== Records for processing ==
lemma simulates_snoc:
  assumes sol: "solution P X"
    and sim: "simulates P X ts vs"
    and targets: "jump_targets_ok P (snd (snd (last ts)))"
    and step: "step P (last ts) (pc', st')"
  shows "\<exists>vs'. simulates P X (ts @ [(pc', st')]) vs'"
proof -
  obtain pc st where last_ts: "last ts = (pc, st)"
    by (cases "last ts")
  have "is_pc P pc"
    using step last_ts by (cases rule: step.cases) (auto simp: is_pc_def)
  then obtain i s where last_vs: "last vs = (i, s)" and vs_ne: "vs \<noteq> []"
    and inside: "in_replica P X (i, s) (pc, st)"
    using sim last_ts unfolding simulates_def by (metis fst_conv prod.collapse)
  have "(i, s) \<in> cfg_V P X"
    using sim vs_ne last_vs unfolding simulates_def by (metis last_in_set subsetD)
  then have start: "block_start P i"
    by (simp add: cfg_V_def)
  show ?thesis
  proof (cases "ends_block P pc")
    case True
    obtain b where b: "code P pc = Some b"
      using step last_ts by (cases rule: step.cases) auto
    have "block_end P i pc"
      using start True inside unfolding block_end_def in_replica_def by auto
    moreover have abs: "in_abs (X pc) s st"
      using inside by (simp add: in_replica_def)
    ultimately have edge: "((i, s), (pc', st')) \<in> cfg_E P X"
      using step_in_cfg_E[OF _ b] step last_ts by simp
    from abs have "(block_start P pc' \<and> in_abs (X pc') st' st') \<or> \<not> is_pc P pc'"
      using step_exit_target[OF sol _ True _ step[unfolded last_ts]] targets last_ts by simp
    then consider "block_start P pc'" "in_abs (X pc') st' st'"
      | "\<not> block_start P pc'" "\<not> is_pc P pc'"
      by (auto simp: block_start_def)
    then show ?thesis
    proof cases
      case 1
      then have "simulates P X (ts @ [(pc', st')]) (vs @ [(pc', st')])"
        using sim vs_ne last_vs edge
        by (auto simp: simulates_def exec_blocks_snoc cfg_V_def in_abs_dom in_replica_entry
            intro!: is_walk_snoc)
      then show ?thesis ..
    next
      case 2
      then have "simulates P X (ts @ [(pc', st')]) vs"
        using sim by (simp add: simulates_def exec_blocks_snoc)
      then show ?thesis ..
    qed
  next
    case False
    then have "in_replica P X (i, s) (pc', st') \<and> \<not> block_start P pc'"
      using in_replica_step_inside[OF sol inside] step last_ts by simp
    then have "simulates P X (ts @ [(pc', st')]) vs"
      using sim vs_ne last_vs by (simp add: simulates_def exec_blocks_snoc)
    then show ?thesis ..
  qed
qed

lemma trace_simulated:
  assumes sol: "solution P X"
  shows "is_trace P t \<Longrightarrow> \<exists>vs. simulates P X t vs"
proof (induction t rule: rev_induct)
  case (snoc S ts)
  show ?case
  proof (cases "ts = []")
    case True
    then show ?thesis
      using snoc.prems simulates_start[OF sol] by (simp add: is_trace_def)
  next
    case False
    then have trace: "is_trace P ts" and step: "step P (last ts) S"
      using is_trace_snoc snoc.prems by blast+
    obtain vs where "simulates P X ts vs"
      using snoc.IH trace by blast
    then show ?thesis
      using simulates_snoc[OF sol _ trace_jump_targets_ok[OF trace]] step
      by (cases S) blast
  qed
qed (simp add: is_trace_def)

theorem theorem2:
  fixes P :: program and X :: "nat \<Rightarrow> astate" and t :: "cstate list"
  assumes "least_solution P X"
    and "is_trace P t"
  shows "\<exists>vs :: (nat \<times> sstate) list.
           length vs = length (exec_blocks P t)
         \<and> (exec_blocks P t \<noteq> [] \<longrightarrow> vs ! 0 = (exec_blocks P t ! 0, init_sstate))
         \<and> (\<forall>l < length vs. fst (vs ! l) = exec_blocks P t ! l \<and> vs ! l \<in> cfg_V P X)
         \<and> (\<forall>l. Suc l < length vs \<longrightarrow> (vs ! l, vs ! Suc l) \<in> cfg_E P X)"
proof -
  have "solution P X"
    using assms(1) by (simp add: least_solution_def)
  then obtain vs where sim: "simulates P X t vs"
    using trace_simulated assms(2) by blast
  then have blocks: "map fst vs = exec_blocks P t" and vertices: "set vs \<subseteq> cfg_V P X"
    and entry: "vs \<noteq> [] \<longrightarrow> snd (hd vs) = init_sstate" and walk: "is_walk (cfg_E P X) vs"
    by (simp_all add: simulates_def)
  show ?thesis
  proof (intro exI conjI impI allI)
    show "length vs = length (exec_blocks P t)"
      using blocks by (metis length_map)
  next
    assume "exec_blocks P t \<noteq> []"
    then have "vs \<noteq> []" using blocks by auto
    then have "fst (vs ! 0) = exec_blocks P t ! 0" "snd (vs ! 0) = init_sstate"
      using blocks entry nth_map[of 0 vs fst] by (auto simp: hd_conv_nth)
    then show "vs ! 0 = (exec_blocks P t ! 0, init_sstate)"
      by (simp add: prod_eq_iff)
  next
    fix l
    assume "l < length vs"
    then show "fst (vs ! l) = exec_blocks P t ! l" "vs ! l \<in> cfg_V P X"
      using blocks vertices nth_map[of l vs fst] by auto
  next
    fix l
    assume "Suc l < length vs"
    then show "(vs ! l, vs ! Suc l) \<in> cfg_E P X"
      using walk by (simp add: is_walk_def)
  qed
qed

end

== Task item ==
Return the whole listing exactly.

== Result below ==
lemma simulates_snoc:
  assumes sol: "solution P X"
    and sim: "simulates P X ts vs"
    and targets: "jump_targets_ok P (snd (snd (last ts)))"
    and step: "step P (last ts) (pc', st')"
  shows "\<exists>vs'. simulates P X (ts @ [(pc', st')]) vs'"
proof -
  obtain pc st where last_ts: "last ts = (pc, st)"
    by (cases "last ts")
  have "is_pc P pc"
    using step last_ts by (cases rule: step.cases) (auto simp: is_pc_def)
  then obtain i s where last_vs: "last vs = (i, s)" and vs_ne: "vs \<noteq> []"
    and inside: "in_replica P X (i, s) (pc, st)"
    using sim last_ts unfolding simulates_def by (metis fst_conv prod.collapse)
  have "(i, s) \<in> cfg_V P X"
    using sim vs_ne last_vs unfolding simulates_def by (metis last_in_set subsetD)
  then have start: "block_start P i"
    by (simp add: cfg_V_def)
  show ?thesis
  proof (cases "ends_block P pc")
    case True
    obtain b where b: "code P pc = Some b"
      using step last_ts by (cases rule: step.cases) auto
    have "block_end P i pc"
      using start True inside unfolding block_end_def in_replica_def by auto
    moreover have abs: "in_abs (X pc) s st"
      using inside by (simp add: in_replica_def)
    ultimately have edge: "((i, s), (pc', st')) \<in> cfg_E P X"
      using step_in_cfg_E[OF _ b] step last_ts by simp
    from abs have "(block_start P pc' \<and> in_abs (X pc') st' st') \<or> \<not> is_pc P pc'"
      using step_exit_target[OF sol _ True _ step[unfolded last_ts]] targets last_ts by simp
    then consider "block_start P pc'" "in_abs (X pc') st' st'"
      | "\<not> block_start P pc'" "\<not> is_pc P pc'"
      by (auto simp: block_start_def)
    then show ?thesis
    proof cases
      case 1
      then have "simulates P X (ts @ [(pc', st')]) (vs @ [(pc', st')])"
        using sim vs_ne last_vs edge
        by (auto simp: simulates_def exec_blocks_snoc cfg_V_def in_abs_dom in_replica_entry
            intro!: is_walk_snoc)
      then show ?thesis ..
    next
      case 2
      then have "simulates P X (ts @ [(pc', st')]) vs"
        using sim by (simp add: simulates_def exec_blocks_snoc)
      then show ?thesis ..
    qed
  next
    case False
    then have "in_replica P X (i, s) (pc', st') \<and> \<not> block_start P pc'"
      using in_replica_step_inside[OF sol inside] step last_ts by simp
    then have "simulates P X (ts @ [(pc', st')]) vs"
      using sim vs_ne last_vs by (simp add: simulates_def exec_blocks_snoc)
    then show ?thesis ..
  qed
qed

lemma trace_simulated:
  assumes sol: "solution P X"
  shows "is_trace P t \<Longrightarrow> \<exists>vs. simulates P X t vs"
proof (induction t rule: rev_induct)
  case (snoc S ts)
  show ?case
  proof (cases "ts = []")
    case True
    then show ?thesis
      using snoc.prems simulates_start[OF sol] by (simp add: is_trace_def)
  next
    case False
    then have trace: "is_trace P ts" and step: "step P (last ts) S"
      using is_trace_snoc snoc.prems by blast+
    obtain vs where "simulates P X ts vs"
      using snoc.IH trace by blast
    then show ?thesis
      using simulates_snoc[OF sol _ trace_jump_targets_ok[OF trace]] step
      by (cases S) blast
  qed
qed (simp add: is_trace_def)

theorem theorem2:
  fixes P :: program and X :: "nat \<Rightarrow> astate" and t :: "cstate list"
  assumes "least_solution P X"
    and "is_trace P t"
  shows "\<exists>vs :: (nat \<times> sstate) list.
           length vs = length (exec_blocks P t)
         \<and> (exec_blocks P t \<noteq> [] \<longrightarrow> vs ! 0 = (exec_blocks P t ! 0, init_sstate))
         \<and> (\<forall>l < length vs. fst (vs ! l) = exec_blocks P t ! l \<and> vs ! l \<in> cfg_V P X)
         \<and> (\<forall>l. Suc l < length vs \<longrightarrow> (vs ! l, vs ! Suc l) \<in> cfg_E P X)"
proof -
  have "solution P X"
    using assms(1) by (simp add: least_solution_def)
  then obtain vs where sim: "simulates P X t vs"
    using trace_simulated assms(2) by blast
  then have blocks: "map fst vs = exec_blocks P t" and vertices: "set vs \<subseteq> cfg_V P X"
    and entry: "vs \<noteq> [] \<longrightarrow> snd (hd vs) = init_sstate" and walk: "is_walk (cfg_E P X) vs"
    by (simp_all add: simulates_def)
  show ?thesis
  proof (intro exI conjI impI allI)
    show "length vs = length (exec_blocks P t)"
      using blocks by (metis length_map)
  next
    assume "exec_blocks P t \<noteq> []"
    then have "vs \<noteq> []" using blocks by auto
    then have "fst (vs ! 0) = exec_blocks P t ! 0" "snd (vs ! 0) = init_sstate"
      using blocks entry nth_map[of 0 vs fst] by (auto simp: hd_conv_nth)
    then show "vs ! 0 = (exec_blocks P t ! 0, init_sstate)"
      by (simp add: prod_eq_iff)
  next
    fix l
    assume "l < length vs"
    then show "fst (vs ! l) = exec_blocks P t ! l" "vs ! l \<in> cfg_V P X"
      using blocks vertices nth_map[of l vs fst] by auto
  next
    fix l
    assume "Suc l < length vs"
    then show "(vs ! l, vs ! Suc l) \<in> cfg_E P X"
      using walk by (simp add: is_walk_def)
  qed
qed

end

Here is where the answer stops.